Principal Component Analysis (PCA) is a dimension reduction method. In order to visualise the distribution of our samples in a 2D plot, we need to reduce the count matrix from its high number of dimensions (in this case, the read count value for each gene represents a dimension) to less, out of which we then plot the first two.
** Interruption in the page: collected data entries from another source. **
lemma (in prob_space) kolmogorov_maximal_inequality:
  fixes S :: "nat \<Rightarrow> 'a \<Rightarrow> real" and n :: nat and lam :: real
  assumes lam: "lam > 0"
    and Sm[measurable]: "\<And>k. S k \<in> borel_measurable M"
    and Ssq: "\<And>k. k \<le> n \<Longrightarrow> integrable M (\<lambda>\<omega>. (S k \<omega>)\<^sup>2)"
    and orth: "\<And>k j. k < j \<Longrightarrow> j \<le> n \<Longrightarrow>
       (\<integral>\<omega>. (S j \<omega> - S (j - 1) \<omega>) * (S k \<omega> * indicator (first_passage M S lam k) \<omega>) \<partial>M) = 0"
  shows "prob {\<omega>\<in>space M. \<exists>k\<le>n. lam \<le> \<bar>S k \<omega>\<bar>} \<le> (\<integral>\<omega>. (S n \<omega>)\<^sup>2 \<partial>M) / lam\<^sup>2"
proof -
  define A where "A = first_passage M S lam"
  have Am[measurable]: "A k \<in> sets M" for k unfolding A_def first_passage_def by measurable
  have cut: "integrable M (\<lambda>\<omega>. (S n \<omega>)\<^sup>2 * indicator (A k) \<omega>)" for k
    using Ssq[of n] by (rule Bochner_Integration.integrable_bound) (auto simp: indicator_def)
  have "lam\<^sup>2 * prob {\<omega>\<in>space M. \<exists>k\<le>n. lam \<le> \<bar>S k \<omega>\<bar>} = (\<Sum>k\<in>{..n}. lam\<^sup>2 * prob (A k))"
  proof -
    have "disjoint_family_on A {..n}"
      unfolding A_def by (rule disjoint_family_on_mono[OF subset_UNIV first_passage_disjoint])
    then show ?thesis
      unfolding first_passage_Union A_def[symmetric]
      using finite_measure_finite_Union[of "{..n}" A] Am by (simp add: sum_distrib_left image_subset_iff)
  qed
  also have "\<dots> \<le> (\<Sum>k\<in>{..n}. \<integral>\<omega>. (S n \<omega>)\<^sup>2 * indicator (A k) \<omega> \<partial>M)"
    unfolding A_def by (intro sum_mono first_passage_second_moment lam Ssq orth) auto
  also have "\<dots> = (\<integral>\<omega>. (\<Sum>k\<in>{..n}. (S n \<omega>)\<^sup>2 * indicator (A k) \<omega>) \<partial>M)"
    by (rule Bochner_Integration.integral_sum[symmetric]) (rule cut)
  also have "\<dots> \<le> (\<integral>\<omega>. (S n \<omega>)\<^sup>2 \<partial>M)"
  proof (rule integral_mono[OF _ Ssq[OF order.refl]])
    show "integrable M (\<lambda>\<omega>. \<Sum>k\<in>{..n}. (S n \<omega>)\<^sup>2 * indicator (A k) \<omega>)"
      by (intro Bochner_Integration.integrable_sum cut)
    fix \<omega>
    show "(\<Sum>k\<in>{..n}. (S n \<omega>)\<^sup>2 * indicator (A k) \<omega>) \<le> (S n \<omega>)\<^sup>2"
    proof (cases "\<exists>j\<in>{..n}. \<omega> \<in> A j")
      case True
      then obtain j where "j \<in> {..n}" "\<omega> \<in> A j" by blast
      then have "(\<Sum>k\<in>{..n}. (\<lambda>_. (S n \<omega>)\<^sup>2) k * indicator (A k) \<omega>) = (S n \<omega>)\<^sup>2"
        unfolding A_def
        by (intro sum_indicator_disjoint_family disjoint_family_on_mono[OF subset_UNIV first_passage_disjoint]) auto
      then show ?thesis by (simp only:)
    qed (auto simp: indicator_def)
  qed
  finally show ?thesis using lam by (simp add: field_simps)
qed

lemma (in prob_space) slln_from_dyadic_maxima:
  fixes S :: "nat \<Rightarrow> 'a \<Rightarrow> real"
  assumes Sm[measurable]: "\<And>k. S k \<in> borel_measurable M"
    and summ: "\<And>\<delta>. \<delta> > 0 \<Longrightarrow> summable (\<lambda>m. prob {\<omega>\<in>space M. \<exists>k\<le>2^(m+1). \<delta> * 2^m \<le> \<bar>S k \<omega>\<bar>})"
  shows "AE \<omega> in M. (\<lambda>n. S n \<omega> / real n) \<longlonglongrightarrow> 0"
proof -
  define B where "B q m = {\<omega>\<in>space M. \<exists>k\<le>2^(m+1). (1 / real (Suc q)) * 2^m \<le> \<bar>S k \<omega>\<bar>}" for q m :: nat
  have Bm[measurable]: "B q m \<in> sets M" for q m unfolding B_def by measurable
  have "AE \<omega> in M. \<forall>q. eventually (\<lambda>m. \<omega> \<in> space M - B q m) sequentially"
  proof (subst AE_all_countable, intro allI)
    fix q
    show "AE \<omega> in M. eventually (\<lambda>m. \<omega> \<in> space M - B q m) sequentially"
      by (rule borel_cantelli_AE1) (use summ[of "1 / real (Suc q)"] in \<open>auto simp: B_def less_top[symmetric]\<close>)
  qed
  then show ?thesis
  proof (rule AE_mp, intro AE_I2 impI)
    fix \<omega> assume \<omega>: "\<omega> \<in> space M" and ev: "\<forall>q. eventually (\<lambda>m. \<omega> \<in> space M - B q m) sequentially"
    show "(\<lambda>n. S n \<omega> / real n) \<longlonglongrightarrow> 0"
    proof (rule LIMSEQ_I)
      fix r :: real assume r: "0 < r"
      obtain q where q: "1 / real (Suc q) < r"
        using reals_Archimedean[OF r] by (auto simp: field_simps)
      obtain M0 where M0: "\<And>m. m \<ge> M0 \<Longrightarrow> \<omega> \<notin> B q m"
        using ev[rule_format, of q] unfolding eventually_sequentially by blast
      show "\<exists>no. \<forall>n\<ge>no. norm (S n \<omega> / real n - 0) < r"
      proof (intro exI[of _ "2 ^ M0"] allI impI)
        fix n :: nat assume n: "n \<ge> 2 ^ M0"
        then have n1: "n \<ge> 1" using one_le_power[of "2::nat" M0] by linarith
        obtain m where m: "2 ^ m \<le> n" "n < 2 ^ (m + 1)" using ex_power_ivl1[of 2 n] n1 by auto
        have "M0 < m + 1"
          using n m(2) by (metis le_less_trans power_less_imp_less_exp one_less_numeral_iff semiring_norm(76))
        then have "\<omega> \<notin> B q m" using M0 by simp
        then have "\<bar>S n \<omega>\<bar> < (1 / real (Suc q)) * 2^m"
          using \<omega> m(2) unfolding B_def by (auto simp: not_le dest!: spec[of _ n])
        also have "\<dots> \<le> (1 / real (Suc q)) * real n"
          using m(1) by (intro mult_left_mono) (simp_all add: of_nat_le_iff[symmetric])
        finally have "\<bar>S n \<omega>\<bar> / real n < 1 / real (Suc q)" using n1 by (simp add: field_simps)
        then show "norm (S n \<omega> / real n - 0) < r" using q by simp
      qed
    qed
  qed
qed

text \<open>The process is a deterministic function of the configuration; studying this function
  separates the combinatorics of the recursion from the probability.\<close>
primrec Ycfg :: "nat \<Rightarrow> nat \<Rightarrow> nat \<Rightarrow> nat \<Rightarrow> nat \<Rightarrow> (inar_idx \<Rightarrow> nat) \<Rightarrow> nat" where
  "Ycfg s1 s2 th1 th2 0 f = f IY0"
| "Ycfg s1 s2 th1 th2 (Suc k) f = (\<Sum>j\<in>{1..Ycfg s1 s2 th1 th2 k f}. f (IXi (Suc k) j)) + f (IEps (Suc k))
     + (if Suc k = s1 then th1 else 0) + (if Suc k = s2 then th2 else 0)"

lemma inar_Y_Ycfg: "inar_Y Y0 eps xi s1 s2 th1 th2 k \<omega> = Ycfg s1 s2 th1 th2 k (\<lambda>i. inar_family Y0 eps xi i \<omega>)"
  by (induction k) auto

definition past :: "nat \<Rightarrow> inar_idx set" where
  "past k = {IY0} \<union> {IEps i | i. 1 \<le> i \<and> i \<le> k} \<union> {IXi i j | i j. 1 \<le> i \<and> i \<le> k \<and> 1 \<le> j}"

definition block :: "nat \<Rightarrow> inar_idx set" where
  "block k = {IEps k} \<union> {IXi k j | j. 1 \<le> j}"

lemma past_block_split: "k \<ge> 1 \<Longrightarrow> past k = past (k - 1) \<union> block k"
  unfolding past_def block_def by (cases k) (auto simp: le_Suc_eq)

lemma past_block_disjoint: "k \<ge> 1 \<Longrightarrow> past (k - 1) \<inter> block k = {}"
  unfolding past_def block_def by auto

lemma past_subset: "past k \<subseteq> inar_index_set"
  unfolding past_def inar_index_set_def by auto

lemma block_subset: "k \<ge> 1 \<Longrightarrow> block k \<subseteq> inar_index_set"
  unfolding block_def inar_index_set_def by auto

lemma past_mono: "k \<le> m \<Longrightarrow> past k \<subseteq> past m"
  unfolding past_def by auto

text \<open>A functional of configurations is determined by the index set I if it only
  reads the coordinates in I (the discrete counterpart of adaptedness).\<close>
definition determined_by :: "inar_idx set \<Rightarrow> ((inar_idx \<Rightarrow> nat) \<Rightarrow> 'b) \<Rightarrow> bool" where
  "determined_by I F \<longleftrightarrow> (\<forall>f g. (\<forall>i\<in>I. f i = g i) \<longrightarrow> F f = F g)"

lemma determined_byD: "determined_by I F \<Longrightarrow> (\<And>i. i \<in> I \<Longrightarrow> f i = g i) \<Longrightarrow> F f = F g"
  unfolding determined_by_def by blast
1) PCA requires the data to be transposed and scaled to mean 0 and unit variance. Use the cheat sheet to find the correct function and standardize the data.
2) Run the PCA function. What is the shape of the resulting matrix? What do the rows and columns represent? (which are the samples and which are the principal components?)
3) Plot the first two principal components. How many samples have you plotted?
4) Which samples group together? Are there any outliers?

### Gene markers

Now it is time to label your data. Use the cheat sheet to create a heatmap plot showing known marker genes for each possible differentiation stage:
1. Embryonic Stem Cells
2. Mesoderm
3. Cardiomyocyte progenitors
4. Cardiomyocytes
5. Mature fetal heart

Label the stem cell replicates. Then, identify which stage the other two samples belong to according to the gene expression values in your heatmap. Feel free to consult among yourselves and compare heatmaps if you find it difficult to choose between potential stages.

Add your chosen labels to the metadata table (replace the 'Unknown' in column 'stage' with your chosen label) and verify the clustering in a labelled PCA plot.